In all departments with numbers $$$j > i$$$, for which $$$a_j \le m$$$, Sasha can buy a gift for any of her friends, and this will not affect the answer in any way. Now consider all departments with numbers $$$j > i$$$ for which $$$a_j > m$$$. If you buy a gift for your first girlfriend in some of these departments, the value of $$$m$$$ will increase, which means the answer may improve. Therefore, let's iterate through all these departments and update the response with the value $$$\lvert a_j - b_i\rvert$$$.

Time $$$O(n^2)$$$.

Let's optimize this solution. To begin with, instead of calculating the value of $$$m$$$ anew at each iteration, we will maintain its value in some variable. Then, when moving from department $$$i - 1$$$ to department $$$i$$$, we will update the value of $$$m$$$ as follows: $$$m:= \max(m, a_i)$$$.
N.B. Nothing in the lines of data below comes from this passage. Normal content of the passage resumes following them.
lemma del_prob_block_string:
  assumes "length ys = length cs" and "cs \<noteq> []"
  shows "del_prob p (block_string ys) (rotate s (block_string cs)) =
    p ^ (length (block_string ys) - length (block_string cs)) * (1 - p) ^ length (block_string cs)
      / length (block_string cs) *
    (\<Sum>i<length cs. \<Prod>j<length cs. real (ys ! j choose rotate i cs ! j))"
proof -
  let ?x = "block_string ys" and ?z = "block_string cs"
  have "?z \<noteq> []" using assms(2) by (cases cs) auto
  have vanish: "subseq_count ?x (rotate t ?z) = 0" if t: "t < length ?z" and zero: "\<not> ?z ! t" for t
  proof -
    have "rotate t ?z \<noteq> []" and "hd (rotate t ?z) = ?z ! t"
      using \<open>?z \<noteq> []\<close> t by (simp_all add: hd_rotate_conv_nth)
    then obtain w where "rotate t ?z = False # w"
      using zero by (cases "rotate t ?z") auto
    moreover have "count_list (rotate t ?z) True = length ys"
      using assms(1) by (metis count_list_block_string_True mset_rotate count_mset)
    ultimately show ?thesis by (simp add: subseq_count_block_string_False)
  qed
  have "(\<Sum>r<length ?z. real (subseq_count ?x (rotate r (rotate s ?z)))) =
      (\<Sum>r<length ?z. real (subseq_count ?x (rotate r ?z)))"
    by (rule sum_rotations_rotate)
  also have "\<dots> = (\<Sum>i<length cs. real (subseq_count ?x (block_string (rotate i cs))))"
    by (rule sum_rotations_block_string) (simp add: vanish)
  also have "\<dots> = (\<Sum>i<length cs. \<Prod>j<length cs. real (ys ! j choose rotate i cs ! j))"
    using assms(1) by (simp add: subseq_count_block_string)
  finally show ?thesis
    using \<open>?z \<noteq> []\<close> by (simp add: del_prob_eq_sum_subseq_count)
qed
lemma one_minus_mult_f_poly_complement:
  fixes q t :: "'a::comm_ring_1"
  assumes P: "is_partition \<mu>" and lt: "part \<mu> 1 < m"
  shows "(1 - q) * f_poly (complement m n \<mu>) q t = (\<Sum>r=1..n+1. \<Sum>s=r..n+1. t ^ (s - r) *
      (q ^ (framed_part m \<mu> r - framed_part m \<mu> s) - q ^ (framed_part m \<mu> (r - 1) - framed_part m \<mu> s)))"
proof -
  let ?pc = "part (complement m n \<mu>)" and ?P = "framed_part m \<mu>"
  have exponent: "?pc (n + 2 - s) - ?pc (n + 2 - r) = ?P r - ?P s" if "r \<le> s" "s \<le> n + 1" for r s
  proof -
    have "?P s \<le> ?P r" "?P r \<le> m"
      using that lt framed_part_antimono[OF P] framed_part_le[OF P] by simp_all
    then show ?thesis
      using that part_complement[of "n + 2 - r" n m \<mu>] part_complement[of "n + 2 - s" n m \<mu>] by simp
  qed
  have "(1 - q) * f_poly (complement m n \<mu>) q t = (\<Sum>i=1..n+1. \<Sum>k=i..n+1.
      t ^ (k - i) * (q ^ (?pc i - ?pc k) - q ^ (?pc i - ?pc (Suc k))))"
    unfolding one_minus_mult_f_poly[OF is_partition_complement[OF P lt]] length_complement ..
  also have "\<dots> = (\<Sum>r=1..n+1. \<Sum>s=r..n+1. t ^ (s - r) *
      (q ^ (?pc (n + 2 - s) - ?pc (n + 2 - r)) - q ^ (?pc (n + 2 - s) - ?pc (n + 2 - (r - 1)))))"
    by (subst sum_triangle_reflect) (intro sum.cong refl, auto simp: Suc_diff_le)
  also have "\<dots> = (\<Sum>r=1..n+1. \<Sum>s=r..n+1. t ^ (s - r) *
      (q ^ (?P r - ?P s) - q ^ (?P (r - 1) - ?P s)))"
  proof (intro sum.cong refl)
    fix r s assume "r \<in> {1..n+1}" "s \<in> {r..n+1}"
    then have "r \<le> s" "r - 1 \<le> s" "s \<le> n + 1" by auto
    show "t ^ (s - r) * (q ^ (?pc (n + 2 - s) - ?pc (n + 2 - r)) - q ^ (?pc (n + 2 - s) - ?pc (n + 2 - (r - 1))))
        = t ^ (s - r) * (q ^ (?P r - ?P s) - q ^ (?P (r - 1) - ?P s))"
      using exponent[OF \<open>r \<le> s\<close>] exponent[OF \<open>r - 1 \<le> s\<close>] \<open>s \<le> n + 1\<close> by simp
  qed
  finally show ?thesis .
qed
(* The history of (J, S^[phi]) up to time n is a function of the history of (J, S), so the
   sigma-algebra F' it generates is contained in F = sigma(J_0..J_n, S_0..S_n), and J_n is
   F'-measurable. The event {J_(n+1) = j, S^[phi]_(n+1) - S^[phi]_n = k} is the disjoint union,
   over the countably many v with phi v = k, of the events {J_(n+1) = j, X_(n+1) = v}. For every
   B in F contained in {J_n = i} the Markov renewal property gives
   P(B \<inter> {J_(n+1) = j, X_(n+1) = v}) = q_ij(v) P(B), and countable additivity turns this into
   q^[phi]_ij(k) P(B) for the union. Since J_n takes only finitely many values, these identities
   on the sets of F' inside the strata {J_n = i} characterise the conditional expectation given F'. *)

lemma (in finite_measure) has_sum_measure_disjoint_UN:
  fixes X :: "'i::countable \<Rightarrow> 'a set"
  assumes sets: "\<And>i. i \<in> V \<Longrightarrow> X i \<in> sets M" and disj: "disjoint_family_on X V"
  shows "((\<lambda>i. measure M (X i)) has_sum measure M (\<Union>i\<in>V. X i)) V"
proof -
  define Y where "Y n = (if n \<in> to_nat ` V then X (from_nat n) else {})" for n
  have "range Y \<subseteq> sets M"
    using sets by (auto simp: Y_def)
  moreover have "disjoint_family Y"
    using disj unfolding disjoint_family_on_def Y_def by (auto simp: from_nat_to_nat) blast
  moreover have "(\<Union>n. Y n) = (\<Union>i\<in>V. X i)"
    by (auto simp: Y_def from_nat_to_nat split: if_splits)
  ultimately have "(\<lambda>n. measure M (Y n)) sums measure M (\<Union>i\<in>V. X i)"
    using measure_UNION[of Y M] by simp
  then have "((\<lambda>n. measure M (Y n)) has_sum measure M (\<Union>i\<in>V. X i)) UNIV"
    by (rule sums_nonneg_imp_has_sum) simp
  then have "((\<lambda>n. measure M (X (from_nat n))) has_sum measure M (\<Union>i\<in>V. X i)) (to_nat ` V)"
    by (rule has_sum_cong_neutral[THEN iffD1, rotated -1]) (auto simp: Y_def)
  then show ?thesis
    by (simp add: has_sum_reindex o_def)
qed

lemma (in finite_measure) measure_Int_UN_eq_infsum:
  fixes A :: "'i::countable \<Rightarrow> 'a set"
  assumes "\<And>v. v \<in> V \<Longrightarrow> A v \<in> sets M" "disjoint_family_on A V" "B \<in> sets M"
    and "\<And>v. v \<in> V \<Longrightarrow> measure M (B \<inter> A v) = c v * measure M B"
  shows "measure M (B \<inter> (\<Union>v\<in>V. A v)) = (\<Sum>\<^sub>\<infinity>v\<in>V. c v) * measure M B"
proof -
  have "((\<lambda>v. measure M (B \<inter> A v)) has_sum measure M (B \<inter> (\<Union>v\<in>V. A v))) V"
    unfolding Int_UN_distrib using assms(1-3)
    by (intro has_sum_measure_disjoint_UN) (auto simp: disjoint_family_on_def)
  then have "((\<lambda>v. c v * measure M B) has_sum measure M (B \<inter> (\<Union>v\<in>V. A v))) V"
    by (rule has_sum_cong[THEN iffD1, rotated]) (simp add: assms(4))
  \<comment> \<open>No summability of c is needed: if measure M B = 0 both sides vanish.\<close>
  then show ?thesis
    by (metis infsumI infsum_cmult_left')
qed

lemma set_integral_indicator_eq_measure:
  assumes "B \<in> sets M"
  shows "(LINT x:B|M. indicator A x) = measure M (B \<inter> A)"
proof -
  have "B \<inter> A \<inter> space M = B \<inter> A"
    using sets.sets_into_space[OF assms] by blast
  then show ?thesis
    by (simp add: set_lebesgue_integral_def indicator_inter_arith[symmetric])
qed

lemma (in finite_measure_subalgebra) measure_Int_eq_if_cond_exp_const:
  assumes A: "A \<in> sets M" and B: "B \<in> sets F"
    and const: "AE \<omega> in M. \<omega> \<in> B \<longrightarrow> real_cond_exp M F (indicator A) \<omega> = c"
  shows "measure M (B \<inter> A) = c * measure M B"
proof -
  have B_M: "B \<in> sets M"
    using B subalg by (auto simp: subalgebra_def)
  have "measure M (B \<inter> A) = (LINT \<omega>:B|M. indicator A \<omega>)"
    using B_M by (simp add: set_integral_indicator_eq_measure)
  also have "\<dots> = (LINT \<omega>:B|M. real_cond_exp M F (indicator A) \<omega>)"
    using A B by (intro real_cond_exp_intA) (auto simp: emeasure_finite less_top[symmetric])
  also have "\<dots> = (LINT \<omega>:B|M. c)"
    using B_M const by (intro set_lebesgue_integral_cong_AE) auto
  also have "\<dots> = c * measure M B"
    using B_M by (simp add: set_integral_const)
  finally show ?thesis .
qed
It remains to learn how to quickly find the optimal department number $$$j$$$, such that $$$j > i$$$, $$$a_j > m$$$, as well as $$$\lvert a_j - b_i\rvert$$$ is minimal. Let's choose on the suffix of the array the minimum $$$a_j$$$, such that $$$a_j\ge b_i$$$, and also the maximum $$$a_j$$$, such that $$$a_j \le b_i$$$. You can notice that the optimal $$$a_j$$$ is one of the two selected numbers (you also need to remember to check the condition $$$a_j > m$$$). Therefore, it is enough to update the answer only with the help of them.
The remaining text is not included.